# How do I rotate my avatar? it's so deceiving!



## WilsonR6 (Feb 14, 2012)

I'm actually 19 stone of lean muscle but it makes me look about 13 stone not sure what's going on how do I rotate it?


----------



## 12 gauge (Jul 16, 2011)

WilsonR6 said:


> but it makes me look about 13 stone


Not even that :lol:


----------



## Kloob (Jun 3, 2012)

FYI 19 stone is 266 pounds. Dwayne Johnson is 263 pound.

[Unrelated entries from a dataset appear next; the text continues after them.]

lemma is_solution_ODE_data:
  assumes "is_solution a b la lc ld lm lnn lp lpol1 Psibar Psir Phis m w Vmat Vcm Vcw Psi Vpol2"
  shows "continuous_on {0..} Vmat" "continuous_on {0..} Vcm" "continuous_on {0..} Vcw"
    and "continuous_on {0..} Psi" "continuous_on {0..} Vpol2"
    and "Vmat 0 = 0" "Vcm 0 = 0" "Vcw 0 = 0" "Psi 0 = Psibar" "Vpol2 0 = 0"
  using assms unfolding is_solution_def Let_def by blast+

lemma is_solution_Psi_pos:
  assumes "0 < lp" "0 < lpol1" "0 < Psibar" "0 < Psir"
    and sol: "is_solution a b la lc ld lm lnn lp lpol1 Psibar Psir Phis m w Vmat Vcm Vcw Psi Vpol2"
    and "0 \<le> t"
  shows "0 < Psi t"
proof (rule Psi_pos[of lp lpol1 Psir Psi Vpol2])
  show "0 < Psi 0" using is_solution_ODE_data(9)[OF sol] \<open>0 < Psibar\<close> by simp
qed (use is_solution_ODEs(4,5)[OF sol] is_solution_ODE_data(4,5,10)[OF sol] assms(1,2,4,6) in auto)

lemma is_solution_total_volume_nonneg:
  assumes "0 < lp" "0 < lpol1" "0 < Psibar" "0 < Psir"
    and sol: "is_solution a b la lc ld lm lnn lp lpol1 Psibar Psir Phis m w Vmat Vcm Vcw Psi Vpol2"
    and "0 \<le> t"
  shows "0 \<le> Vmat t + Vcm t + Vcw t"
proof -
  let ?V = "\<lambda>s. Vmat s + Vcm s + Vcw s"
  have "?V 0 \<le> ?V t"
  proof (rule DERIV_nonneg_imp_increasing_open[OF \<open>0 \<le> t\<close>])
    fix s assume "0 < s" "s < t"
    \<comment> \<open>Nucleation, deposition and maturation only move volume between the three phases.\<close>
    have "(?V has_real_derivative
            lp * Psi s / Vp_of lpol1 (Vmat s) (Vcm s) (Vcw s) (Psi s) * (?V s + lpol1)) (at s)"
      by (rule DERIV_cong[OF DERIV_add[OF DERIV_add[OF is_solution_ODEs(1,2)[OF sol \<open>0 < s\<close>]]
            is_solution_ODEs(3)[OF sol \<open>0 < s\<close>]]])
         (simp add: ring_distribs)
    moreover have "0 \<le> lp * Psi s / Vp_of lpol1 (Vmat s) (Vcm s) (Vcw s) (Psi s) * (?V s + lpol1)"
    proof (cases "?V s + lpol1 = 0")
      case False
      have "0 < Psi s" using is_solution_Psi_pos[OF assms(1-5), of s] \<open>0 < s\<close> by simp
      with False have "lp * Psi s / Vp_of lpol1 (Vmat s) (Vcm s) (Vcw s) (Psi s) * (?V s + lpol1)
                         = lp * Psi s / (Psi s + 1)"
        by (simp add: Vp_of_def)
      with \<open>0 < Psi s\<close> \<open>0 < lp\<close> show ?thesis by simp
    qed simp
    ultimately show "\<exists>D. (?V has_real_derivative D) (at s) \<and> 0 \<le> D" by blast
  next
    have "continuous_on {0..} ?V"
      using is_solution_ODE_data(1-3)[OF sol] by (intro continuous_intros)
    then show "continuous_on {0..t} ?V" by (rule continuous_on_subset) auto
  qed
  then show ?thesis using is_solution_ODE_data(6-8)[OF sol] by simp
qed

lemma is_solution_growth_rate_mono:
  assumes "0 \<le> b" "0 \<le> ld" "0 < lp" "0 < lpol1" "0 < Psibar" "0 < Psir"
    and sol: "is_solution a b la lc ld lm lnn lp lpol1 Psibar Psir Phis m w Vmat Vcm Vcw Psi Vpol2"
    and "0 < t" "0 \<le> x" "x \<le> v"
  shows "0 \<le> g_of b ld lp lpol1 Phis (Vmat t) (Vcm t) (Vcw t) (Psi t) x \<and>
         g_of b ld lp lpol1 Phis (Vmat t) (Vcm t) (Vcw t) (Psi t) x
           \<le> g_of b ld lp lpol1 Phis (Vmat t) (Vcm t) (Vcw t) (Psi t) v"
proof (rule g_of_mono)
  have "0 < Psi t" "0 \<le> Vmat t + Vcm t + Vcw t"
    using is_solution_Psi_pos[OF assms(3-7)] is_solution_total_volume_nonneg[OF assms(3-7)] \<open>0 < t\<close>
    by auto
  then show "0 \<le> Psi t" "0 \<le> Vp_of lpol1 (Vmat t) (Vcm t) (Vcw t) (Psi t)"
    using \<open>0 < lpol1\<close> by (auto simp: Vp_of_def add.assoc)
qed (use assms(1-3,9,10) in auto)

lemma is_solution_m_subsolution:
  assumes "0 \<le> lm"
    and sol: "is_solution a b la lc ld lm lnn lp lpol1 Psibar Psir Phis m w Vmat Vcm Vcw Psi Vpol2"
    and "0 < v" "v < lc" "0 < t"
  shows "\<exists>Dt Dv. ((\<lambda>s. m v s) has_real_derivative Dt) (at t) \<and>
           ((\<lambda>x. g_of b ld lp lpol1 Phis (Vmat t) (Vcm t) (Vcw t) (Psi t) x * m x t)
              has_real_derivative Dv) (at v) \<and>
           Dt \<le> - Dv - loss_of a la (Psi t) (\<lambda>u. m u t) v + gain_of a la (Psi t) (\<lambda>u. m u t) v"
proof -
  have "0 \<le> lm * m v t"
    using sol \<open>0 \<le> lm\<close> unfolding is_solution_def by simp
  moreover have "\<exists>Dt Dv. ((\<lambda>s. m v s) has_real_derivative Dt) (at t) \<and>
           ((\<lambda>x. g_of b ld lp lpol1 Phis (Vmat t) (Vcm t) (Vcw t) (Psi t) x * m x t)
              has_real_derivative Dv) (at v) \<and>
           Dt = - Dv - lm * m v t - loss_of a la (Psi t) (\<lambda>u. m u t) v + gain_of a la (Psi t) (\<lambda>u. m u t) v"
    using sol assms(3-) unfolding is_solution_def Let_def by blast
  ultimately show ?thesis by force
qed

lemma is_solution_w_subsolution:
  assumes sol: "is_solution a b la lc ld lm lnn lp lpol1 Psibar Psir Phis m w Vmat Vcm Vcw Psi Vpol2"
    and m_vanishes: "\<And>v t. 0 \<le> v \<Longrightarrow> v < lc \<Longrightarrow> 0 \<le> t \<Longrightarrow> m v t = 0"
    and "0 < v" "v < lc" "0 < t"
  shows "\<exists>Dt Dv. ((\<lambda>s. w v s) has_real_derivative Dt) (at t) \<and>
           ((\<lambda>x. g_of b ld lp lpol1 Phis (Vmat t) (Vcm t) (Vcw t) (Psi t) x * w x t)
              has_real_derivative Dv) (at v) \<and>
           Dt \<le> - Dv - loss_of a la (Psi t) (\<lambda>u. w u t) v + gain_of a la (Psi t) (\<lambda>u. w u t) v"
proof -
  have "\<exists>Dt Dv. ((\<lambda>s. w v s) has_real_derivative Dt) (at t) \<and>
           ((\<lambda>x. g_of b ld lp lpol1 Phis (Vmat t) (Vcm t) (Vcw t) (Psi t) x * w x t)
              has_real_derivative Dv) (at v) \<and>
           Dt = - Dv + lm * m v t - loss_of a la (Psi t) (\<lambda>u. w u t) v + gain_of a la (Psi t) (\<lambda>u. w u t) v"
    using sol assms(3-5) unfolding is_solution_def Let_def by blast
  moreover have "m v t = 0" using m_vanishes assms(3-5) by simp
  ultimately show ?thesis by force
qed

Might want to get your scales fixed mate. You're more like 13


----------



## WilsonR6 (Feb 14, 2012)

12 gauge said:


> Not even that :lol:


See what I mean?



Kloob said:


> FYI 19 stone is 266 pounds. Dwayne Johnson is 263 pound.
> 
> Might want to get your scales fixed mate. You're more like 13


I'd post a pic of a facepalm but I can't be bothered searching for one so I'll just write it instead

Facepalm :thumbdown:

Does anyone actually know?


----------



## mlydon (Dec 4, 2014)

Kloob said:


> FYI 19 stone is 266 pounds. Dwayne Johnson is 263 pound.
> 
> Might want to get your scales fixed mate. You're more like 13


:laugh:


----------



## Kloob (Jun 3, 2012)

View attachment 165581




WilsonR6 said:


> See what I mean?
> 
> I'd post a pic of a facepalm but I can't be bothered searching for one so I'll just write it instead
> 
> ...


You sure do look the same size as Kai Greene....


----------



## WilsonR6 (Feb 14, 2012)

Kloob said:


> View attachment 165581


Definitely a good 10-12 lbs heavier than him mate


----------



## latblaster (Oct 26, 2013)

Take another pic & rotate the camera by 90 degrees.


----------



## Dan TT (May 9, 2012)

Open the picture from your documents and it should give you a rotate option at the bottom then re-upload.


----------



## WilsonR6 (Feb 14, 2012)

The picture on my phone is upright, I even rotated it 90 degrees the opposite way and re-uploaded it but it still wants to go to the left lol


----------



## latblaster (Oct 26, 2013)

WilsonR6 said:


> The picture on my phone is upright, I even rotated it 90 degrees the opposite way and re-uploaded it but it still wants to go to the left lol


Rotate it 140 degrees.

@Verno


----------



## WilsonR6 (Feb 14, 2012)

latblaster said:


> Rotate it 140 degrees.
> 
> @Verno


You mean 180? Lol


----------



## i.am.ahab. (Sep 4, 2014)

you are too top heavy mate..


----------



## WilsonR6 (Feb 14, 2012)

i.am.ahab. said:


> you are too top heavy mate..


It's cause I don't train legs, or abs

Monday: chest

Tuesday: chest

Wednesday: chest

Thurs: chest..

You get the picture


----------



## a.notherguy (Nov 17, 2008)

Hold your phone sideways and turn off auto rotate


----------



## WilsonR6 (Feb 14, 2012)

Ok I think all the 'turn your phone sideways' jokes have been killed can anyone please advise me on how to actually rotate it? It's stressing me out all you skinny cnuts thinking you are in better shape than me


----------



## Wallace86 (Jan 20, 2013)

Edit the picture in photos and rotate it on side then upload it will flip it to position you want and also make you look like you 22stone


----------



## WilsonR6 (Feb 14, 2012)

@Wallace86 I've tried that buddy, the picture on my avatar is actually rotated the opposite way :thumbdown:

View attachment 165587


There we go folks, probably say about 23 stone to be fair


----------